Has more flexibility in the choice of penalties and loss functions and should scale better to large numbers of samples.
This class supports both dense and sparse input and the multiclass support is handled according to a one-vs-the-rest scheme.

In [None]:
clf = SVC()
clf.fit(X_train, y_train)
y_pred = clf.predict(x_val)
acc_clf = round(accuracy_score(y_pred, y_val) * 100, 2)
print(acc_clf)

## Naive Bayes

In [None]:
# Gaussian Naive Bayes
from sklearn.naive_bayes import GaussianNB

gaussian = GaussianNB()
gaussian.fit(x_train, y_train)
y_pred = gaussian.predict(x_val)
acc_gaussian = round(accuracy_score(y_pred, y_val) * 100, 2)
print(acc_gaussian)

## Decision Tree

In [None]:
#Decision Tree
from sklearn.tree import DecisionTreeClassifier

decisiontree = DecisionTreeClassifier()
decisiontree.fit(x_train, y_train)
y_pred = decisiontree.predict(x_val)
acc_decisiontree = round(accuracy_score(y_pred, y_val) * 100, 2)
print(acc_decisiontree)

## Random Forest

In [None]:
# Random Forest
from sklearn.ensemble import RandomForestClassifier

randomforest = RandomForestClassifier()
randomforest.fit(x_train, y_train)
y_pred = randomforest.predict(x_val)
acc_randomforest = round(accuracy_score(y_pred, y_val) * 100, 2)
print(acc_randomforest)

# Reforcast predictions based on performing model

In [None]:
test = df_test[NUMERIC_COLUMNS].fillna(-1000)

Submission['Survived']=decisiontree.predict(test)
print(Submission.head(5))

# Make final submission

In [None]:
# write data frame to csv file
#Submission.set_index('PassengerId', inplace=True)
#Submission.to_csv('finalsubmission.csv',sep=',')
Submission.to_csv('decisiontreesubmission.csv',sep=',')

# Credit where credits due

This competition is predominantly a training exercise and as such I have tried to looks at different approaches and try different techniques to see hw they work.  I have looked at some of the existing entries and adopted some of the tequiques that i have found interesting.

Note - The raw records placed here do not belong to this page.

(* Let $1\le t\le n$ and let $M_t$ be the real matrix with rows and columns indexed by the nonempty subsets of $[n]$ of size at most $t$, ordered by nondecreasing size, with $M_t[a,b]=2^{|a\cap b|}$. For $0\le i\le t-1$ let $M_t^{(i)}$ denote the Schur complement $M_t/M_i$ of the upper-left principal submatrix $M_i$ (indexed by the sets of size at most $i$), with $M_t^{(0)}=M_t$; its rows and columns are indexed by the subsets $a\subseteq[n]$ with $i<|a|\le t$. Then for all such $a,b$, $$M_t^{(i)}[a,b]=f^{(i+1)}(|a\cap b|)+u^{(i)}(|a|,|b|),$$ where $f^{(i)}(x)=\sum_{k=i}^x\binom xk=2^x-\sum_{k=0}^{i-1}\binom xk$, $u^{(i)}(w,w')=\binom{w-1}{i}\binom{w'-1}{i}/\alpha_i$, and $\alpha_i=\sum_{k=0}^i\binom nk$.
   Context: For a block matrix $\begin{pmatrix}A&B\\ C&D'\end{pmatrix}$ with $A$ invertible, the Schur complement of $A$ is $D'-CA^{-1}B$. (For $1\le i$, the submatrix $M_i$ is invertible.) *)

theory Defs
  imports Complex_Main
begin

text \<open>Matrices are represented as real-valued functions of two indices,
  together with an explicit finite index set.  The ordering of rows and columns
  is irrelevant for the entries of a Schur complement.\<close>

definition idx :: "nat \<Rightarrow> nat \<Rightarrow> nat \<Rightarrow> nat set set" where
  "idx n lo hi = {a. a \<subseteq> {1..n} \<and> lo < card a \<and> card a \<le> hi}"

text \<open>The entries of M_t (and of all its principal submatrices M_i).\<close>
definition Mentry :: "nat set \<Rightarrow> nat set \<Rightarrow> real" where
  "Mentry a b = 2 ^ card (a \<inter> b)"

definition inv_on :: "'a set \<Rightarrow> ('a \<Rightarrow> 'a \<Rightarrow> real) \<Rightarrow> ('a \<Rightarrow> 'a \<Rightarrow> real)" where
  "inv_on I A = (THE B. (\<forall>x\<in>I. \<forall>y\<in>I. (\<Sum>z\<in>I. A x z * B z y) = (if x = y then 1 else 0))
                      \<and> (\<forall>x y. (x \<notin> I \<or> y \<notin> I) \<longrightarrow> B x y = 0))"

text \<open>Schur complement of the principal block indexed by I in the matrix A:
  entry (a,b) of D' - C A_I^{-1} B, for a, b outside I.  For I = {} it is A itself.\<close>
definition schur :: "'a set \<Rightarrow> ('a \<Rightarrow> 'a \<Rightarrow> real) \<Rightarrow> 'a \<Rightarrow> 'a \<Rightarrow> real" where
  "schur I A a b = A a b - (\<Sum>c\<in>I. \<Sum>d\<in>I. A a c * inv_on I A c d * A d b)"

definition f :: "nat \<Rightarrow> nat \<Rightarrow> real" where
  "f i x = (\<Sum>k=i..x. real (x choose k))"

definition alpha :: "nat \<Rightarrow> nat \<Rightarrow> real" where
  "alpha n i = (\<Sum>k=0..i. real (n choose k))"

definition u :: "nat \<Rightarrow> nat \<Rightarrow> nat \<Rightarrow> nat \<Rightarrow> real" where
  "u n i w w' = real ((w - 1) choose i) * real ((w' - 1) choose i) / alpha n i"

end

(*
  Let Z be the zeta matrix Z[x, e] = [e \<subseteq> x], with e ranging over the index set I of M_i
  (the nonempty subsets of [n] of size at most i).  Since I is closed under nonempty subsets,
  2^|x \<inter> c| = 1 + (Z Z^T)[x, c] for every x and every c in I, so the block M_i equals
  J + Z Z^T = Z (1 + v v^T) Z^T, where v = Z^-1 1 and Z^-1 is the Moebius matrix of I.
  Sherman-Morrison inverts 1 + v v^T, which gives M_i^-1 and hence every Schur complement entry
  in closed form.  The remaining quantities are binomial sums: v_e = -(-1)^|e|, so
  1 + |v|^2 = alpha_i, and 1 - <Z[x,-], v> is the alternating partial sum
  (-1)^i C(|x| - 1, i); the rest of 2^|a \<inter> b| is f^(i+1)(|a \<inter> b|).
*)
theory Submission
  imports Defs
begin

lemma alternating_binomial_partial_sum:
  assumes "0 < m"
  shows "(\<Sum>k=0..i. (-1) ^ k * real (m choose k)) = (-1) ^ i * real ((m - 1) choose i)"
proof -
  have "(\<Sum>k=0..i. (-1) ^ k * real (m choose k)) = (\<Sum>k\<le>i. (real m gchoose k) * (-1) ^ k)"
    by (simp add: atLeast0AtMost binomial_gbinomial mult.commute)
  also have "\<dots> = (-1) ^ i * (real m - 1 gchoose i)"
    by (rule gbinomial_sum_lower_neg)
  also have "real m - 1 = real (m - 1)"
    using assms by simp
  finally show ?thesis
    by (simp only: binomial_gbinomial)
qed

lemma power_two_split_binomial:
  "(2::real) ^ m = (\<Sum>k=0..i. real (m choose k)) + f (i + 1) m"
proof -
  have "(2::real) ^ m = (\<Sum>k\<le>m. real (m choose k))"
    by (simp flip: of_nat_sum add: choose_row_sum)
  also have "\<dots> = (\<Sum>k=0..max i m. real (m choose k))"
    by (rule sum.mono_neutral_left) auto
  also have "{0..max i m} = {0..i} \<union> {i + 1..m}"
    by auto
  also have "(\<Sum>k\<in>{0..i} \<union> {i + 1..m}. real (m choose k)) = (\<Sum>k=0..i. real (m choose k)) + f (i + 1) m"
    unfolding f_def by (rule sum.union_disjoint) auto
  finally show ?thesis .
qed

lemma inv_on_eqI:
  fixes A B L :: "'a \<Rightarrow> 'a \<Rightarrow> real"
  assumes "finite I"
    and right: "\<And>x y. x \<in> I \<Longrightarrow> y \<in> I \<Longrightarrow> (\<Sum>z\<in>I. A x z * B z y) = (if x = y then 1 else 0)"
    and left: "\<And>x y. x \<in> I \<Longrightarrow> y \<in> I \<Longrightarrow> (\<Sum>z\<in>I. L x z * A z y) = (if x = y then 1 else 0)"
    and outside: "\<And>x y. x \<notin> I \<or> y \<notin> I \<Longrightarrow> B x y = 0"
  shows "inv_on I A = B"
proof -
  have left_eq: "B' x y = L x y"
    if right': "\<forall>x\<in>I. \<forall>y\<in>I. (\<Sum>z\<in>I. A x z * B' z y) = (if x = y then 1 else 0)"
      and "x \<in> I" "y \<in> I" for B' x y
  proof -
    have "B' x y = (\<Sum>w\<in>I. (if x = w then 1 else 0) * B' w y)"
      using \<open>finite I\<close> \<open>x \<in> I\<close> by (simp add: if_distrib[where f="\<lambda>a. a * _"] cong: if_cong)
    also have "\<dots> = (\<Sum>w\<in>I. \<Sum>z\<in>I. L x z * A z w * B' w y)"
      using left \<open>x \<in> I\<close> by (intro sum.cong) (simp_all flip: sum_distrib_right)
    also have "\<dots> = (\<Sum>z\<in>I. L x z * (\<Sum>w\<in>I. A z w * B' w y))"
      by (subst sum.swap) (simp add: sum_distrib_left mult.assoc)
    also have "\<dots> = L x y"
      using right' \<open>finite I\<close> \<open>y \<in> I\<close> by (simp add: if_distrib[where f="\<lambda>a. _ * a"] cong: if_cong)
    finally show ?thesis .
  qed
  show ?thesis
    unfolding inv_on_def
  proof (rule the_equality)
    fix B' assume B': "(\<forall>x\<in>I. \<forall>y\<in>I. (\<Sum>z\<in>I. A x z * B' z y) = (if x = y then 1 else 0))
      \<and> (\<forall>x y. x \<notin> I \<or> y \<notin> I \<longrightarrow> B' x y = 0)"
    show "B' = B"
    proof (intro ext)
      fix x y show "B' x y = B x y"
        using B' right outside left_eq[of B' x y] left_eq[of B x y] by (cases "x \<in> I \<and> y \<in> I") auto
    qed
  qed (use right outside in auto)
qed

locale ones_plus_gram =
  fixes I :: "'a set" and W V A :: "'a \<Rightarrow> 'a \<Rightarrow> real"
  assumes finite_I: "finite I"
    and W_V: "\<And>c d. c \<in> I \<Longrightarrow> d \<in> I \<Longrightarrow> (\<Sum>e\<in>I. W c e * V e d) = (if c = d then 1 else 0)"
    and V_W: "\<And>c d. c \<in> I \<Longrightarrow> d \<in> I \<Longrightarrow> (\<Sum>e\<in>I. V c e * W e d) = (if c = d then 1 else 0)"
    and A_sym: "\<And>x y. A x y = A y x"
    and A_eq: "\<And>x c. c \<in> I \<Longrightarrow> A x c = 1 + (\<Sum>e\<in>I. W x e * W c e)"
begin

definition v :: "'a \<Rightarrow> real" where
  "v e = (\<Sum>d\<in>I. V e d)"

definition \<alpha> :: real where
  "\<alpha> = 1 + (\<Sum>e\<in>I. v e * v e)"

definition \<rho> :: "'a \<Rightarrow> real" where
  "\<rho> x = (\<Sum>e\<in>I. W x e * v e)"

(* On I we have A = W (1 + v v^T) W^T, so by Sherman-Morrison its inverse is
   G = V^T K V with K = (1 + v v^T)^-1 = 1 - v v^T / alpha. *)
definition K :: "'a \<Rightarrow> 'a \<Rightarrow> real" where
  "K e e' = (if e = e' then 1 else 0) - v e * v e' / \<alpha>"

definition G :: "'a \<Rightarrow> 'a \<Rightarrow> real" where
  "G c d = (\<Sum>e\<in>I. \<Sum>e'\<in>I. V e c * K e e' * V e' d)"

lemma alpha_pos: "\<alpha> > 0"
proof -
  have "(\<Sum>e\<in>I. v e * v e) \<ge> 0"
    by (intro sum_nonneg) simp
  then show ?thesis
    unfolding \<alpha>_def by linarith
qed

lemma rho_eq_1: "c \<in> I \<Longrightarrow> \<rho> c = 1"
  unfolding \<rho>_def v_def sum_distrib_left
  by (subst sum.swap) (simp add: W_V finite_I)

lemma sum_A_V: "e \<in> I \<Longrightarrow> (\<Sum>c\<in>I. A x c * V e c) = v e + W x e"
proof -
  assume e: "e \<in> I"
  have "(\<Sum>c\<in>I. A x c * V e c) = (\<Sum>c\<in>I. V e c + (\<Sum>f\<in>I. W x f * (V e c * W c f)))"
    using A_eq by (intro sum.cong) (simp_all add: algebra_simps sum_distrib_left sum_distrib_right)
  also have "\<dots> = v e + (\<Sum>f\<in>I. W x f * (\<Sum>c\<in>I. V e c * W c f))"
    unfolding v_def sum.distrib sum_distrib_left by (subst (2) sum.swap) rule
  also have "\<dots> = v e + W x e"
    using e by (simp add: V_W finite_I if_distrib[where f="\<lambda>a. _ * a"] cong: if_cong)
  finally show ?thesis .
qed

lemma sum_mult_K: "e' \<in> I \<Longrightarrow> (\<Sum>e\<in>I. p e * K e e') = p e' - (\<Sum>e\<in>I. v e * p e) * v e' / \<alpha>"
  unfolding K_def right_diff_distrib sum_subtractf
  by (simp add: if_distrib[where f="\<lambda>a. _ * a"] finite_I sum_distrib_left ac_simps
      flip: sum_divide_distrib cong: if_cong)

lemma K_sym: "K e e' = K e' e"
  unfolding K_def by (simp add: eq_commute mult.commute)

lemma sum_mult_G:
  "(\<Sum>c\<in>I. P c * G c d) = (\<Sum>e'\<in>I. (\<Sum>e\<in>I. (\<Sum>c\<in>I. P c * V e c) * K e e') * V e' d)"
proof -
  have "(\<Sum>c\<in>I. P c * G c d) = (\<Sum>c\<in>I. \<Sum>e\<in>I. \<Sum>e'\<in>I. P c * V e c * K e e' * V e' d)"
    unfolding G_def sum_distrib_left by (simp add: ac_simps)
  also have "\<dots> = (\<Sum>e'\<in>I. \<Sum>e\<in>I. \<Sum>c\<in>I. P c * V e c * K e e' * V e' d)"
    by (subst sum.swap, subst (2) sum.swap, subst sum.swap) (rule refl)
  finally show ?thesis
    by (simp add: sum_distrib_right)
qed

lemma sum_v_mult_v_plus_W: "(\<Sum>e\<in>I. v e * (v e + W x e)) = \<alpha> - 1 + \<rho> x"
  unfolding \<alpha>_def \<rho>_def by (simp add: distrib_left sum.distrib mult.commute)

lemma sum_A_V_K:
  "e' \<in> I \<Longrightarrow> (\<Sum>e\<in>I. (\<Sum>c\<in>I. A x c * V e c) * K e e')
     = v e' + W x e' - (\<alpha> - 1 + \<rho> x) * v e' / \<alpha>"
  by (simp add: sum_A_V sum_mult_K sum_v_mult_v_plus_W cong: sum.cong)

lemma A_G_right_inverse:
  assumes "c \<in> I" "d \<in> I"
  shows "(\<Sum>c'\<in>I. A c c' * G c' d) = (if c = d then 1 else 0)"
proof -
  have "(\<Sum>e\<in>I. (\<Sum>c'\<in>I. A c c' * V e c') * K e e') = W c e'" if "e' \<in> I" for e'
    using that alpha_pos by (simp add: sum_A_V_K rho_eq_1[OF \<open>c \<in> I\<close>])
  then show ?thesis
    by (simp add: sum_mult_G W_V assms cong: sum.cong)
qed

So firstly a huge thanks to everyone that look the time to document their code and explain step by step what they did and why.

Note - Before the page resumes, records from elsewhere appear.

lemma moment_form_adjoint_invariant:
  fixes b :: "real^'m::{finite,wellorder} \<Rightarrow> real^'m::_"
  assumes "linear b" "adjoint b ` K = K" "compact K" "interior K \<noteq> {}"
  shows "moment_form K (b x) (b y) = moment_form K x y"
proof -
  let ?c = "adjoint b"
  have "linear ?c"
    by (rule adjoint_linear[OF assms(1)])
  have image_eq: "integral K h = \<bar>det (matrix ?c)\<bar> * integral K (h \<circ> ?c)" if "continuous_on K h" for h
    using integral_linear_image[OF \<open>linear ?c\<close> assms(3)] that by (simp add: assms(2))
  obtain z where "z \<in> interior K"
    using assms(4) by blast
  then have "0 < integral K (\<lambda>_. 1::real)"
    by (intro integral_pos_of_interior_pos[OF assms(3)]) auto
  with image_eq[of "\<lambda>_. 1"] have "\<bar>det (matrix ?c)\<bar> = 1"
    by (simp add: o_def)
  then have "moment_form K x y = integral K ((\<lambda>\<xi>. (x \<bullet> \<xi>) * (y \<bullet> \<xi>)) \<circ> ?c)"
    using image_eq[of "\<lambda>\<xi>. (x \<bullet> \<xi>) * (y \<bullet> \<xi>)"] by (simp add: moment_form_def continuous_intros)
  also have "\<dots> = moment_form K (b x) (b y)"
    by (simp add: moment_form_def o_def adjoint_works[OF assms(1)])
  finally show ?thesis ..
qed

section \<open>The Gram matrix of the bracket\<close>

lemma bilinear_compose_linear:
  assumes "bilinear B" "linear g"
  shows "bilinear (\<lambda>u v. g (B u v))"
  unfolding bilinear_def
proof (intro conjI allI)
  fix u v
  show "linear (\<lambda>v. g (B u v))" "linear (\<lambda>u. g (B u v))"
    using assms linear_compose[OF _ assms(2)] by (auto simp: bilinear_def o_def)
qed

definition bracket_matrix :: "(real^'n \<Rightarrow> real^'n \<Rightarrow> real^'m) \<Rightarrow> real^'m \<Rightarrow> real^'n^'n" where
  "bracket_matrix B l = (\<chi> i j. l \<bullet> B (axis i 1) (axis j 1))"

To naming names, some of the notebooks that i found most useful and think deserve special mensions are:

### Anisotropic
https://www.kaggle.com/arthurtok/introduction-to-ensembling-stacking-in-python/notebook

Introduction to Ensembling/Stacking in Python is a very useful project on many levels, in particular I borrowed the pairplot idea for visualising the data.

### Henrique Mello 
https://www.kaggle.com/hrmello/introduction-to-data-exploration-using-seaborn/notebook

This was very helpful in getting title data while feature engineering, I also used some code for to Visualisation new features using FacetGrid from seaborn.

### Omar El Gabry
https://www.kaggle.com/omarelgabry/a-journey-through-titanic?scriptVersionId=447802/notebook

This kernal has an interesting section on estimating the missing ages and calculating pearson co-efficients for the features.

### Nadin Tamer
https://www.kaggle.com/nadintamer/titanic-survival-predictions-beginner/notebook

I found this another really useful kernel. It is very much a step by step approach, with a particularly good section on different types of model and how they perform for this project.

# Summary

In this project we have explored the Titanic Data Set, we have identified missing data and filled then as best we could, we have converted categorical data to columns of numeric features that we can use in machine learning and we have engineered new features based on the data we had. We improved our score from base line of 0.57894 to  a score of 0.75598.

We  looked at a range of different models and compared the accuracy of each model on the training data to decide which model to use. We then produced predictions from the best performing models which we submitted to ensure that our models were not overfitting. 

We certainly didn't come any where near winning this contest,, but we survived our first Kaggle competition, and hopefully we had fun and learnt alot along the way by looking at what other people were doing and trying different techniques.